Extreme Recruits Belie Republicans' Attempted Makeover
By Josh Kraushaar
For all the lip service given by Republicans to the party’s efforts to modernize its image, a quick look at the GOP’s standing in two must-win battlegrounds doesn’t paint a promising picture of their efforts. In Colorado and Virginia—the archetypes of suburban, demographically changing states—Republicans are barely contesting next year’s Senate races, are facing fresh setbacks in the two pivotal upcoming gubernatorial races, and are dealing with persistent issues recruiting new talent into the pipeline.
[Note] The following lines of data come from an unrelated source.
text \<open>A shortest path from u to the root and a shortest path from the root to w pass only
  through vertices strictly closer to the root than the class, so they avoid it.\<close>
lemma linked_distance_class:
  assumes AV: "A \<subseteq> V \<times> V"
  shows "linked V A (distance_class V A v)"
  unfolding linked_def
proof (intro ballI impI)
  fix u w assume u: "u \<in> distance_class V A v" and w: "w \<in> distance_class V A v"
  let ?C = "distance_class V A v" and ?r = "component_root A v"
  have closer: "z \<notin> ?C"
    if "arc_distance A z ?r < dist_to_root A v \<or> arc_distance A ?r z < dist_from_root A v" for z
    using that unfolding distance_class_def distance_profile_def dist_from_root_def dist_to_root_def by auto
  have "(u, ?r) \<in> A ^^ dist_to_root A v"
    using u relpow_arc_distance[OF component_root[of u A, THEN conjunct1]]
    unfolding distance_class_def distance_profile_def dist_to_root_def by auto
  then have "(u, ?r) \<in> (A \<inter> UNIV \<times> (- ?C \<union> {w}))\<^sup>*"
    by (rule relpow_imp_rtrancl_closer_to_target[THEN rtrancl_mono[THEN subsetD, rotated]])
      (use closer in auto)
  moreover have "(?r, w) \<in> A ^^ dist_from_root A v"
    using w relpow_arc_distance[OF component_root[of w A, THEN conjunct2]]
    unfolding distance_class_def distance_profile_def dist_from_root_def by auto
  then have "(?r, w) \<in> (A \<inter> UNIV \<times> (- ?C \<union> {w}))\<^sup>*"
    by (rule relpow_imp_rtrancl_closer_to_source[THEN rtrancl_mono[THEN subsetD, rotated]])
      (use closer in auto)
  ultimately have "(u, w) \<in> (A \<inter> UNIV \<times> (- ?C \<union> {w}))\<^sup>*" by (rule rtrancl_trans)
  moreover have "u \<in> V" using u unfolding distance_class_def by simp
  ultimately show "\<exists>p. dipath V A p \<and> hd p = u \<and> last p = w \<and> interior p \<inter> ?C = {}"
    using dipath_avoiding_if_rtrancl[OF AV] by blast
qed

text \<open>Inside a strong component an arc changes each root distance by at most one in the
  "wrong" direction; equal parities exclude this, so along the arc the distance from the root
  does not increase and the distance to the root does not decrease.\<close>
lemma acyclic_if_parities_agree:
  assumes RA: "R \<subseteq> A" and RV: "R \<subseteq> V \<times> V"
    and parity: "\<And>u w. (u, w) \<in> R \<Longrightarrow> dist_from_root A u mod 2 = dist_from_root A w mod 2
                              \<and> dist_to_root A u mod 2 = dist_to_root A w mod 2"
    and in_classes: "\<And>v. acyclic (R \<inter> distance_class V A v \<times> distance_class V A v)"
  shows "acyclic R"
proof (rule acyclic_by_strong_components[OF RA])
  let ?Q = "R \<inter> {(u, w). (w, u) \<in> A\<^sup>*}"
  have monotone: "component_root A u = component_root A w \<and> dist_from_root A w \<le> dist_from_root A u
      \<and> dist_to_root A u \<le> dist_to_root A w" if "(u, w) \<in> ?Q" for u w
  proof -
    have same_parity_le: "x \<le> y" if "x \<le> Suc y" "x mod 2 = y mod 2" for x y :: nat
      using that by (cases "x = Suc y") (auto simp: mod_Suc split: if_splits)
    have "(u, w) \<in> A" "(w, u) \<in> A\<^sup>*" using that RA by auto
    then have "component_root A u = component_root A w" and
      "dist_from_root A w \<le> Suc (dist_from_root A u)" "dist_to_root A u \<le> Suc (dist_to_root A w)"
      by (blast dest: arc_within_component)+
    moreover have "dist_from_root A w mod 2 = dist_from_root A u mod 2"
      "dist_to_root A u mod 2 = dist_to_root A w mod 2"
      using parity[of u w] that by auto
    ultimately show ?thesis using same_parity_le by blast
  qed
  define \<phi> where "\<phi> v = int (dist_to_root A v) - int (dist_from_root A v)" for v
  show "acyclic ?Q"
  proof (rule acyclic_by_potential[of _ \<phi>])
    show "\<phi> u \<le> \<phi> w" if "(u, w) \<in> ?Q" for u w
      using monotone[OF that] unfolding \<phi>_def by simp
    show "acyclic (?Q \<inter> {(u, w). \<phi> u = \<phi> w})"
    proof (rule acyclic_by_fibres[of _ "distance_profile A"])
      show "distance_profile A u = distance_profile A w" if "(u, w) \<in> ?Q \<inter> {(u, w). \<phi> u = \<phi> w}" for u w
        using that monotone[of u w] unfolding \<phi>_def distance_profile_def by auto
      show "acyclic (?Q \<inter> {(u, w). \<phi> u = \<phi> w} \<inter> {z. distance_profile A z = distance_profile A x}
                                \<times> {z. distance_profile A z = distance_profile A x})" for x
        using in_classes[of x] by (rule acyclic_subset) (use RV in \<open>auto simp: distance_class_def\<close>)
    qed
  qed
qed

lemma dicolouring_choice:
  assumes "\<And>x. dicolourable (C x) A k"
  obtains \<kappa> where "\<And>x w. w \<in> C x \<Longrightarrow> \<kappa> (C x) w < k"
    and "\<And>x i. i < k \<Longrightarrow> acyclic_set A {w\<in>C x. \<kappa> (C x) w = i}"
proof -
  have "\<forall>S. \<exists>c. dicolourable S A k \<longrightarrow>
      (\<forall>w\<in>S. c w < k) \<and> (\<forall>i<k. acyclic_set A {w\<in>S. c w = i})"
    unfolding dicolourable_def by blast
  then obtain \<kappa> where \<kappa>: "\<forall>S. dicolourable S A k \<longrightarrow>
      (\<forall>w\<in>S. \<kappa> S w < k) \<and> (\<forall>i<k. acyclic_set A {w\<in>S. \<kappa> S w = i})"
    by (rule choice[THEN exE])
  show ?thesis
  proof (rule that)
    show "\<kappa> (C x) w < k" if "w \<in> C x" for x w
      using \<kappa> assms[of x] that by blast
    show "acyclic_set A {w\<in>C x. \<kappa> (C x) w = i}" if "i < k" for x i
      using \<kappa> assms[of x] that by blast
  qed
qed

lemma dicolourable_if_linked_sets_dicolourable:
  assumes AV: "A \<subseteq> V \<times> V"
    and linked_dicolourable: "\<And>S. S \<subseteq> V \<Longrightarrow> linked V A S \<Longrightarrow> dicolourable S A k"
  shows "dicolourable V A (4 * k)"
proof -
  let ?C = "distance_class V A"
  have "dicolourable (?C v) A k" for v
  proof (rule linked_dicolourable)
    show "?C v \<subseteq> V" unfolding distance_class_def by blast
  qed (rule linked_distance_class[OF AV])
  then obtain \<kappa> where \<kappa>: "\<And>v w. w \<in> ?C v \<Longrightarrow> \<kappa> (?C v) w < k"
    "\<And>v i. i < k \<Longrightarrow> acyclic_set A {w\<in>?C v. \<kappa> (?C v) w = i}"
    by (rule dicolouring_choice[of "distance_class V A"]) blast
  have in_class: "v \<in> ?C v" if "v \<in> V" for v using that unfolding distance_class_def by simp
  define par where "par v = 2 * (dist_from_root A v mod 2) + dist_to_root A v mod 2" for v
  define col where "col v = 4 * \<kappa> (?C v) v + par v" for v
  have par_less: "par v < 4" for v unfolding par_def by simp
  then have col_div: "col v div 4 = \<kappa> (?C v) v" and col_mod: "col v mod 4 = par v" for v
    unfolding col_def by simp_all
  have col_eq: "\<kappa> (?C u) u = \<kappa> (?C w) w \<and> dist_from_root A u mod 2 = dist_from_root A w mod 2
      \<and> dist_to_root A u mod 2 = dist_to_root A w mod 2" if "col u = col w" for u w
  proof -
    have "par u = par w" using col_mod[of u] col_mod[of w] that by simp
    moreover have "par v div 2 = dist_from_root A v mod 2" "par v mod 2 = dist_to_root A v mod 2" for v
      unfolding par_def by simp_all
    ultimately show ?thesis using col_div[of u] col_div[of w] that by metis
  qed
  show ?thesis
    unfolding dicolourable_def
  proof (intro exI[of _ col] conjI ballI allI impI)
    show "col v < 4 * k" if "v \<in> V" for v
      using \<kappa>(1)[OF in_class[OF that]] par_less[of v] unfolding col_def by simp
    fix t assume "t < 4 * k"
    let ?T = "{v\<in>V. col v = t}"
    show "acyclic_set A ?T"
      unfolding acyclic_set_def
    proof (rule acyclic_if_parities_agree)
      show "dist_from_root A u mod 2 = dist_from_root A w mod 2 \<and> dist_to_root A u mod 2 = dist_to_root A w mod 2"
        if "(u, w) \<in> A \<inter> ?T \<times> ?T" for u w
        using that col_eq by auto
      fix v
      let ?K = "{w\<in>?C v. \<kappa> (?C v) w = t div 4}"
      have "A \<inter> ?T \<times> ?T \<inter> ?C v \<times> ?C v \<subseteq> A \<inter> ?K \<times> ?K"
      proof (rule subrelI)
        fix u w assume "(u, w) \<in> A \<inter> ?T \<times> ?T \<inter> ?C v \<times> ?C v"
        then have "(u, w) \<in> A" "u \<in> ?C v" "w \<in> ?C v" "col u = t" "col w = t" by auto
        then show "(u, w) \<in> A \<inter> ?K \<times> ?K"
          using col_div[of u] col_div[of w] distance_class_eq[of u V A v] distance_class_eq[of w V A v]
          by simp
      qed
      moreover have "acyclic (A \<inter> ?K \<times> ?K)"
        using \<kappa>(2)[of "t div 4" v] \<open>t < 4 * k\<close> unfolding acyclic_set_def by simp
      ultimately show "acyclic (A \<inter> ?T \<times> ?T \<inter> ?C v \<times> ?C v)"
        by (rule acyclic_subset[rotated])
    qed (use AV in auto)
  qed
qed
The most glaring example took place earlier this month in Virginia, where Republican Party leaders nominated for lieutenant governor E.W. Jackson, a minister whose thunderous opposition to gay marriage and invective against Obama threaten to damage the Republican ticket. His emergence was enabled by party leaders opting to choose their statewide candidates at a convention filled with single-issue activists instead of through a primary involving a wider swath of Republican voters. The party’s gubernatorial nominee, Ken Cuccinelli, who engineered the convention process, is trying to downplay his socially conservative background, but is struggling to do so with his new ticket mate. Meanwhile, Republicans are empty-handed in next year’s Senate race against Sen. Mark Warner, not even entertaining the notion that term-limited Gov. Bob McDonnell could follow in his predecessor’s footsteps and pursue a congressional career.